## Task description
Only one span of the listing below is wanted: the lines from the one with "(('a0 \<Rightarrow> real)" through the one with "is_dist \<alpha>2 \<and>", reproduced exactly, both ends kept.

## Excerpted data

(* Suppose $u_1$ is strictly supermodular with respect to total orders $(\succsim_{Y_0},\succsim_{A_1})$. For any stage strategy $s_1^*$ of player 1, the following are equivalent: (1) $s_1^*$ is confound-defeating; (2) $s_1^*$ is monotone; (3) $s_1^*$ is $u_1$-cyclically monotone.
   Context: Three players $0,1,2$ have finite action sets $A_0,A_1,A_2$; $Y_0,Y_1$ are finite signal sets. Player 0 takes $a_0$, generating a signal $y_0\sim\rho_0(\cdot\mid a_0)$ observed only by player 1; players 1 and 2 then simultaneously take $a_1,a_2$, generating a public signal $y_1\sim\rho_1(\cdot\mid a_1,a_2)$. Assume: (i) $\rho_0(y_0\mid a_0)>0$ always; (ii) $\rho_1(y_1\mid a_1,a_2)>0$ implies $\rho_1(y_1\mid a_1,a_2')>0$; (iii) for every $a_2$ the vectors $(\rho_1(\cdot\mid a_1,a_2))_{a_1\in A_1}$ are linearly independent. Stage strategies: $\alpha_0\in\Delta(A_0)$, $\alpha_2\in\Delta(A_2)$, $s_1:Y_0\to\Delta(A_1)$; $\|\cdot\|$ is the sup norm. $\gamma(\alpha_0,s_1)[y_0,a_1]=\sum_{a_0}\alpha_0(a_0)\rho_0(y_0\mid a_0)s_1(y_0)[a_1]$ with marginals $\rho(\alpha_0)$ on $Y_0$ and $\phi(\alpha_0,s_1)$ on $A_1$; $p(\alpha_0,s_1,\alpha_2)[y_1]=\sum\alpha_0(a_0)\rho_0(y_0\mid a_0)s_1(y_0)[a_1]\alpha_2(a_2)\rho_1(y_1\mid a_1,a_2)$. Payoffs $u_0:A_0\times A_1\to\mathbb{R}$, $u_i:Y_0\times A_1\times A_2\to\mathbb{R}$ extended by expectation; $u_1(\cdot,\alpha_2)$ is $(y_0,a_1)\mapsto\sum_{a_2}\alpha_2(a_2)u_1(y_0,a_1,a_2)$. $B(s_1)$: set of $(\alpha_0,\alpha_2)$ with $\mathrm{supp}(\alpha_0)\subset\arg\max_{a_0}u_0(a_0,s_1)$, $\mathrm{supp}(\alpha_2)\subset\arg\max_{a_2}u_2(\alpha_0,s_1,a_2)$. $B_\eta(s_1)$ ($\eta\ge0$): set of $(\alpha_0,\alpha_2)$ with $(\alpha_0,\alpha_2)\in B(s_1')$ and $\|p(\alpha_0,s_1,\alpha_2)-p(\alpha_0,s_1',\alpha_2)\|\le\eta$ for some $s_1'$. Confound-defeating: $s_1^*$ satisfies at least one of (CD1) for every $\varepsilon>0$ there is $\eta>0$ such that for every $(\alpha_0,\alpha_2)\in B_\eta(s_1^* )$ and every $s_1'$ with $\|s_1'-s_1^*\|>\varepsilon$ and $\|p(\alpha_0,s_1',\alpha_2)-p(\alpha_0,s_1^*,\alpha_2)\|<\eta$ there is $\tilde s_1$ with $p(\alpha_0,\tilde s_1,\alpha_2)=p(\alpha_0,s_1',\alpha_2)$ and $u_1(\alpha_0,\tilde s_1,\alpha_2)>u_1(\alpha_0,s_1',\alpha_2)$; (CD2) for every $(\alpha_0,\alpha_2)\in B_0(s_1^* )$, $\gamma(\alpha_0,s_1^* )$ uniquely maximizes $\sum\gamma(y_0,a_1)u_1(y_0,a_1,\alpha_2)$ over $\gamma\in\Delta(Y_0\times A_1)$ with marginals $\rho(\alpha_0)$ and $\phi(\alpha_0,s_1^* )$. $u_1$ is strictly supermodular with respect to $(\succsim_{Y_0},\succsim_{A_1})$ if $u_1(y_0,a_1,a_2)-u_1(y_0,a_1',a_2)>u_1(y_0',a_1,a_2)-u_1(y_0',a_1',a_2)$ for all $y_0\succ y_0'$, $a_1\succ a_1'$, $a_2$. $s_1$ is monotone if for any $y_0\succ y_0'$, $a_1\in\mathrm{supp}(s_1(y_0))$, $a_1'\in\mathrm{supp}(s_1(y_0'))$ we have $a_1\succsim a_1'$. For $u:Y_0\times A_1\to\mathbb{R}$, $S\subset Y_0\times A_1$ is $u$-cyclically monotone if for every finite $\{(x_i,y_i)\}_{i=1}^N\subset S$ ($y_{N+1}=y_1$), $\sum_iu(x_i,y_i)\ge\sum_iu(x_i,y_{i+1})$; $s_1$ is $u_1$-cyclically monotone if $\{(y_0,a_1):a_1\in\mathrm{supp}(s_1(y_0))\}$ is $u_1(\cdot,\alpha_2)$-cyclically monotone for all $\alpha_2\in\Delta(A_2)$. *)

theory Defs
  imports Complex_Main
begin

(* Conventions:
   rho0 a0 y0      = rho_0(y0 | a0)
   rho1 a1 a2 y1   = rho_1(y1 | a1, a2)
   s1 y0 a1        = s_1(y0)[a1]
   all action/signal sets are finite types. *)

definition is_dist :: "('a::finite \<Rightarrow> real) \<Rightarrow> bool" where
  "is_dist \<alpha> \<longleftrightarrow> (\<forall>a. 0 \<le> \<alpha> a) \<and> (\<Sum>a\<in>UNIV. \<alpha> a) = 1"

definition is_strat :: "('y0::finite \<Rightarrow> 'a1::finite \<Rightarrow> real) \<Rightarrow> bool" where
  "is_strat s1 \<longleftrightarrow> (\<forall>y0. is_dist (s1 y0))"

definition supn :: "('x::finite \<Rightarrow> real) \<Rightarrow> real" where
  "supn f = Max (range (\<lambda>x. \<bar>f x\<bar>))"

definition strat_dist :: "('y0::finite \<Rightarrow> 'a1::finite \<Rightarrow> real) \<Rightarrow> ('y0 \<Rightarrow> 'a1 \<Rightarrow> real) \<Rightarrow> real" where
  "strat_dist s s' = supn (\<lambda>(y0, a1). s y0 a1 - s' y0 a1)"

definition gam :: "('a0::finite \<Rightarrow> 'y0::finite \<Rightarrow> real) \<Rightarrow> ('a0 \<Rightarrow> real)
    \<Rightarrow> ('y0 \<Rightarrow> 'a1::finite \<Rightarrow> real) \<Rightarrow> 'y0 \<Rightarrow> 'a1 \<Rightarrow> real" where
  "gam rho0 \<alpha>0 s1 y0 a1 = (\<Sum>a0\<in>UNIV. \<alpha>0 a0 * rho0 a0 y0 * s1 y0 a1)"

definition rho_marg :: "('a0::finite \<Rightarrow> 'y0::finite \<Rightarrow> real) \<Rightarrow> ('a0 \<Rightarrow> real) \<Rightarrow> 'y0 \<Rightarrow> real" where
  "rho_marg rho0 \<alpha>0 y0 = (\<Sum>a0\<in>UNIV. \<alpha>0 a0 * rho0 a0 y0)"

definition phi :: "('a0::finite \<Rightarrow> 'y0::finite \<Rightarrow> real) \<Rightarrow> ('a0 \<Rightarrow> real)
    \<Rightarrow> ('y0 \<Rightarrow> 'a1::finite \<Rightarrow> real) \<Rightarrow> 'a1 \<Rightarrow> real" where
  "phi rho0 \<alpha>0 s1 a1 = (\<Sum>y0\<in>UNIV. gam rho0 \<alpha>0 s1 y0 a1)"

definition pdist :: "('a0::finite \<Rightarrow> 'y0::finite \<Rightarrow> real) \<Rightarrow> ('a1::finite \<Rightarrow> 'a2::finite \<Rightarrow> 'y1 \<Rightarrow> real)
    \<Rightarrow> ('a0 \<Rightarrow> real) \<Rightarrow> ('y0 \<Rightarrow> 'a1 \<Rightarrow> real) \<Rightarrow> ('a2 \<Rightarrow> real) \<Rightarrow> 'y1 \<Rightarrow> real" where
  "pdist rho0 rho1 \<alpha>0 s1 \<alpha>2 y1 =
     (\<Sum>a0\<in>UNIV. \<Sum>y0\<in>UNIV. \<Sum>a1\<in>UNIV. \<Sum>a2\<in>UNIV.
        \<alpha>0 a0 * rho0 a0 y0 * s1 y0 a1 * \<alpha>2 a2 * rho1 a1 a2 y1)"

definition u0_ext :: "('a0::finite \<Rightarrow> 'y0::finite \<Rightarrow> real) \<Rightarrow> ('a0 \<Rightarrow> 'a1::finite \<Rightarrow> real)
    \<Rightarrow> 'a0 \<Rightarrow> ('y0 \<Rightarrow> 'a1 \<Rightarrow> real) \<Rightarrow> real" where
  "u0_ext rho0 u0 a0 s1 = (\<Sum>y0\<in>UNIV. \<Sum>a1\<in>UNIV. rho0 a0 y0 * s1 y0 a1 * u0 a0 a1)"

definition ui_ext :: "('a0::finite \<Rightarrow> 'y0::finite \<Rightarrow> real) \<Rightarrow> ('y0 \<Rightarrow> 'a1::finite \<Rightarrow> 'a2::finite \<Rightarrow> real)
    \<Rightarrow> ('a0 \<Rightarrow> real) \<Rightarrow> ('y0 \<Rightarrow> 'a1 \<Rightarrow> real) \<Rightarrow> ('a2 \<Rightarrow> real) \<Rightarrow> real" where
  "ui_ext rho0 u \<alpha>0 s1 \<alpha>2 =
     (\<Sum>a0\<in>UNIV. \<Sum>y0\<in>UNIV. \<Sum>a1\<in>UNIV. \<Sum>a2\<in>UNIV.
        \<alpha>0 a0 * rho0 a0 y0 * s1 y0 a1 * \<alpha>2 a2 * u y0 a1 a2)"

definition pt :: "'a \<Rightarrow> 'a \<Rightarrow> real" where
  "pt a = (\<lambda>b. if b = a then 1 else 0)"

definition u_avg :: "('y0 \<Rightarrow> 'a1 \<Rightarrow> 'a2::finite \<Rightarrow> real) \<Rightarrow> ('a2 \<Rightarrow> real) \<Rightarrow> 'y0 \<Rightarrow> 'a1 \<Rightarrow> real" where
  "u_avg u \<alpha>2 y0 a1 = (\<Sum>a2\<in>UNIV. \<alpha>2 a2 * u y0 a1 a2)"

definition BR :: "('a0::finite \<Rightarrow> 'y0::finite \<Rightarrow> real) \<Rightarrow> ('a0 \<Rightarrow> 'a1::finite \<Rightarrow> real)
    \<Rightarrow> ('y0 \<Rightarrow> 'a1 \<Rightarrow> 'a2::finite \<Rightarrow> real) \<Rightarrow> ('y0 \<Rightarrow> 'a1 \<Rightarrow> real)
    \<Rightarrow> (('a0 \<Rightarrow> real) \<times> ('a2 \<Rightarrow> real)) set" where
  "BR rho0 u0 u2 s1 = {(\<alpha>0, \<alpha>2). is_dist \<alpha>0 \<and> is_dist \<alpha>2 \<and>
      (\<forall>a0. 0 < \<alpha>0 a0 \<longrightarrow> (\<forall>b0. u0_ext rho0 u0 b0 s1 \<le> u0_ext rho0 u0 a0 s1)) \<and>
      (\<forall>a2. 0 < \<alpha>2 a2 \<longrightarrow>
         (\<forall>b2. ui_ext rho0 u2 \<alpha>0 s1 (pt b2) \<le> ui_ext rho0 u2 \<alpha>0 s1 (pt a2)))}"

## Answer to the problem
    \<Rightarrow> (('a0 \<Rightarrow> real) \<times> ('a2 \<Rightarrow> real)) set" where
  "BR rho0 u0 u2 s1 = {(\<alpha>0, \<alpha>2). is_dist \<alpha>0 \<and> is_dist \<alpha>2 \<and>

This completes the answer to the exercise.